Les rhamnogalacturonanes de type I (RGI) sont des composés pectiques importants des parois primaires des cellules végétales. Les RGI sont différemment substitués par des chaînes latérales plus ou moins longues et riches en galactose. D'après Mohnen (1999), trois types de galactosyltransférases sont impliqués dans l'initiation et l'élongation des chaînes des β (1→4) galactanes ramifiant les RGI. Plusieurs galactosyltransférases, capables de transférer un résidu galactosyle à partir d'UDP-galactose sur un accepteur polysaccharidique, ont été solubilisées à partir d'une fraction microsomale de cellules de lin (linum usitatissimum L. ) avec du CHAPS 0,5%. L'utilisation du RGI de lin comme substrat exogène pour stimuler l'activité galactosyltransférase solubilisée a permis la mise en évidence d'une activité RGI-galactosyltransférase dans ces cellules.
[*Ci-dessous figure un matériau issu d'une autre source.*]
theorem theorem2:
  fixes M :: "'a measure" and p1 p2 :: "'a \<Rightarrow> real"
  assumes "ac_dens_pair M p1 p2"
  shows
    "(\<not> (AE x in M. p1 x = p2 x) \<longrightarrow>
        (\<forall>t\<in>D_set M p1 p2.
            R_fun M p1 p2 t \<ge> ennreal (1 - (rho M p1 p2)\<^sup>2) \<and>
            (R_fun M p1 p2 t = ennreal (1 - (rho M p1 p2)\<^sup>2) \<longleftrightarrow> t = 1/2)) \<and>
        1/2 \<in> D_set M p1 p2 \<and>
        (\<forall>t\<in>D_set M p1 p2. R_fun M p1 p2 (1/2) \<le> R_fun M p1 p2 t))
     \<and> R_fun M p1 p2 (1/2) = ennreal (1 - (rho M p1 p2)\<^sup>2)
     \<and> (\<forall>t::real. t \<noteq> 1/2 \<longrightarrow>
          (\<exists>(N :: real measure) q1 q2. ac_dens_pair N q1 q2 \<and>
              I_fun N q1 q2 t < \<infinity> \<and> R_fun N q1 q2 t = \<infinity>))
     \<and> (\<forall>t::real. t \<noteq> 1/2 \<longrightarrow>
          (SUP (N, q1, q2) \<in> {(N :: real measure, q1, q2). ac_dens_pair N q1 q2 \<and> I_fun N q1 q2 t < \<infinity>}.
              R_fun N q1 q2 t) = \<infinity>)"
proof -
  let ?e = "ennreal (1 - (rho M p1 p2)\<^sup>2)"
  have half: "R_fun M p1 p2 (1/2) = ?e"
    by (rule R_fun_half_eq[OF assms])
  have "?e \<le> R_fun M p1 p2 t \<and> (R_fun M p1 p2 t = ?e \<longleftrightarrow> t = 1/2)"
    if "\<not> (AE x in M. p1 x = p2 x)" "t \<in> D_set M p1 p2" for t
  proof (cases "t = 1/2")
    case True
    show ?thesis unfolding True half by simp
  next
    case False
    with one_minus_rho_sq_less_R_fun[OF assms that] show ?thesis by auto
  qed
  moreover have "1/2 \<in> D_set M p1 p2"
    using I_fun_half_eq_rho[OF assms] by (simp add: D_set_def)
  ultimately show ?thesis
    using half exists_ac_dens_pair_R_fun_infinite SUP_R_fun_eq_infinity by simp
qed

end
Un test enzymatique a été mis au point par chromatographie d'exclusion stérique pour mesurer spécifiquement les produits de la RGI-galactosyltransferase. En utilisant une RGlyase ou une RGhydrolase purifiée, les produits radiomarqués ont été caractérisés comme étant un RGI polymérique. A pH 8 en présence de 5 mM de CaCl2, les résidus β galactosyles sont transférés spécifiquement sur un RGI ramifié par de courtes chaînes latérales de β (1→4) galactanes, qui peuvent être hydrolysés par une β-galactosidase ou une endo-β (1→4)-galactanase. Une activité galactosyltransférase de type II a donc été identifiée dans des suspensions cellulaires de lin. Cette RGI-galactosyltransférase a une température optimale de 30°C et est inactivée au delà de 48°C. Le Km apparent pour l'UDP-galactose et le RGI exogène est respectivement de 460 ± 40 micromoles et 1,1 ± 0,1 mg mL-1 et le Vmax est de 3,0 ± 0,5 pkat mg-1 de protéines. La RGI-galactosyltransférase possède au moins deux isoformes, l'une neutre et l'autre basique. Les sous-unités catalytiques potentielles de l'enzyme auraient une masse moléculaire comprise entre 25 000 et 50 000. Des essais de purification sur gels d'affinité ainsi que des expériences de photo-marquage, couplées à différentes techniques électrophorétiques (SDS-PAGE, isofocalisation électrique en agarose et électrophorèse bidimensionnelle), ont permis d'identifier plusieurs spots protéiques pouvant correspondre a une galactosyltransférase. Un séquençage de ces spots permettra de confirmer ces hypothèses.